The Bush whopper about Osama creates a huge opportunity for the Kerry campaign, and puts a huge responsibility on the press, which has to decide between being “even-handed” in its fact-checking and pointing out the enormity of the President’s impudence.
But what does it tell us, as observers, about the man currently occupying the Oval Office?
It seems hard to believe that the President thought he could get away with this one. The earlier gaffe has been commented on before; I knew the minute he said what he said tonight that he was fibbing. So it was definitely going to get caught in the fact-checking.
Maybe GWB figured, based on Cheney’s success in lying about meeting Edwards (and about presiding over the Senate often) and on his own success with pretending to misunderstand the point about his timber holdings making him as “small business owner” by his own counting rules, that getting caught in a lie wasn’t going to hurt him either with his base or with the swing voters. As he indicated tonight, he’s prepared to say in public that anything said by the news media is to be disbelieved.
Call that the “cynical liar” theory. Is there an alternative?
Yes, there is, but it’s one I’ve been reluctant to comment on. I strongly disapprove of using clinical terms to make political criticisms, and in particular of people (such as Krauthammer) who try to use their expertise in one or another branch of disease to bully their political opponents.

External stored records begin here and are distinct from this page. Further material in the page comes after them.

lemma balanced_cover_above:
  assumes "z < suf"
  shows "\<exists>F. balanced_cover (count_list S) (Suc z) m F"
proof -
  have "\<forall>s\<in>{Suc z..suf - 1}. 2 * sum (count_list S) {s..suf - 1} \<le> suf - 1 + 1 - s"
  proof
    fix s
    assume s: "s \<in> {Suc z..suf - 1}"
    then have "2 * sum (count_list S) {s..m} < m + 1 - s"
      using suf_minimal assms by auto
    moreover have "sum (count_list S) {s..m} = sum (count_list S) {s..suf - 1} + sum (count_list S) {suf..m}"
      using s suf_bounds sum_atLeastAtMost_split[of s "suf - 1" m] by auto
    ultimately show "2 * sum (count_list S) {s..suf - 1} \<le> suf - 1 + 1 - s"
      using suf_dense suf_bounds by linarith
  qed
  then obtain F where "balanced_cover (count_list S) (Suc z) (suf - 1) F"
    using balanced_cover_if_sparse_suffixes by blast
  moreover obtain G where "balanced_cover (count_list S) (Suc (suf - 1)) m G"
    using balanced_cover_dense_block[of m suf] suf_dense suf_bounds by auto
  ultimately have "balanced_cover (count_list S) (Suc z) m (F \<union> G)"
    using assms suf_bounds by (intro balanced_cover_Un) auto
  then show ?thesis
    by blast
qed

However, given a subject with a long history of serious alcohol (and reportedly stimulant) abuse, organic brain damage is always a possibility. Even if the abuse itself has stopped, damage that was previously latent due to the redundancy of brain cells can become clinically evident due to the neuronal loss that is part of the normal aging process (starting about age 30).

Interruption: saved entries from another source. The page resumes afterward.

text \<open>Integrating the gradient bound along rays from \<open>0\<close>.\<close>

lemma phi_quadratic:
  assumes "\<epsilon> > 0"
  obtains \<delta> where "\<delta> > 0" "\<And>z. norm z < \<delta> \<Longrightarrow> 2 * r * \<bar>\<phi> z\<bar> \<le> (1 + \<epsilon>) * (norm z)\<^sup>2"
proof -
  obtain \<delta> where "0 < \<delta>" "\<delta> \<le> \<rho>" and g_small: "\<And>w. norm w < \<delta> \<Longrightarrow> norm (g w) \<le> (1 + \<epsilon>) * norm w / r"
    using gradient_small[OF assms] by blast
  show ?thesis
  proof (rule that)
    show "\<delta> > 0" by fact
    fix z :: "real^'m" assume z: "norm z < \<delta>"
    define K where "K = (1 + \<epsilon>) * (norm z)\<^sup>2 / (2 * r)"
    have tz: "norm (t *\<^sub>R z) < \<delta>" if "0 \<le> t" "t \<le> 1" for t
      using z that mult_left_le_one_le[of "norm z" t] by simp
    have "\<bar>\<phi> (1 *\<^sub>R z)\<bar> \<le> K"
    proof (rule abs_le_if_derivative_le_linear)
      show "((\<lambda>t. \<phi> (t *\<^sub>R z)) has_real_derivative g (t *\<^sub>R z) \<bullet> z) (at t)"
        if "0 \<le> t" "t \<le> 1" for t
        using phi_along_ray_has_derivative tz[OF that] \<open>\<delta> \<le> \<rho>\<close> by simp
      show "\<bar>g (t *\<^sub>R z) \<bullet> z\<bar> \<le> 2 * K * t" if "0 \<le> t" "t \<le> 1" for t
      proof -
        have "\<bar>g (t *\<^sub>R z) \<bullet> z\<bar> \<le> norm (g (t *\<^sub>R z)) * norm z" by (rule Cauchy_Schwarz_ineq2)
        also have "\<dots> \<le> (1 + \<epsilon>) * norm (t *\<^sub>R z) / r * norm z"
          using mult_right_mono[OF g_small[OF tz[OF that]] norm_ge_zero[of z]] by simp
        also have "\<dots> = 2 * K * t" using that r_pos by (simp add: K_def power2_eq_square field_simps)
        finally show ?thesis .
      qed
    qed (simp add: phi_zero)
    then show "2 * r * \<bar>\<phi> z\<bar> \<le> (1 + \<epsilon>) * (norm z)\<^sup>2"
      using r_pos by (simp add: K_def field_simps)
  qed
qed

lemma frontier_flat_at_zero:
  assumes "0 < s" "s < r"
  obtains \<delta> where "\<delta> > 0" "\<And>p. p \<in> frontier U \<Longrightarrow> norm p < \<delta> \<Longrightarrow> 2 * s * \<bar>p \<bullet> \<nu> 0\<bar> \<le> (norm p)\<^sup>2"
proof -
  obtain \<delta> where "\<delta> > 0" and \<delta>: "\<And>z. norm z < \<delta> \<Longrightarrow> 2 * r * \<bar>\<phi> z\<bar> \<le> r / s * (norm z)\<^sup>2"
    using phi_quadratic[of "(r - s) / s"] assms by (auto simp: field_simps)
  show ?thesis
  proof (rule that[of "min \<delta> (min \<rho> h)"])
    show "min \<delta> (min \<rho> h) > 0" using \<open>\<delta> > 0\<close> rho_pos h_pos by simp
    fix p assume p: "p \<in> frontier U" "norm p < min \<delta> (min \<rho> h)"
    then have "vertical p = \<phi> (tangential p)"
      using in_cylinder_iff(2)[of p] norm_tangential_le[of p] abs_vertical_le[of p] by simp
    moreover have "p \<bullet> \<nu> 0 = vertical p"
      unfolding normal_zero by (subst inner_commute) (simp add: inner_join)
    ultimately have "2 * s * \<bar>p \<bullet> \<nu> 0\<bar> = s / r * (2 * r * \<bar>\<phi> (tangential p)\<bar>)"
      using r_pos by simp
    also have "\<dots> \<le> s / r * (r / s * (norm (tangential p))\<^sup>2)"
      using \<delta>[of "tangential p"] norm_tangential_le[of p] p(2) assms r_pos
      by (intro mult_left_mono) auto
    also have "\<dots> = (norm (tangential p))\<^sup>2" using assms r_pos by simp
    also have "\<dots> \<le> (norm p)\<^sup>2" using norm_tangential_vertical[of p] by simp
    finally show "2 * s * \<bar>p \<bullet> \<nu> 0\<bar> \<le> (norm p)\<^sup>2" .
  qed
qed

Last week Brad DeLong quoted James Fallows on the decline of Bush’s speaking ability over the past ten years. Someone (I can’t remember who) posted a link to a very disturbing piece of videotape. The hesitations and stumbles most of us non-Texans think of as characterizing Bush’s speaking style were entirely absent in his debates with Ann Richards; so was the slight tendency to make his “s” sounds into “sh” sounds.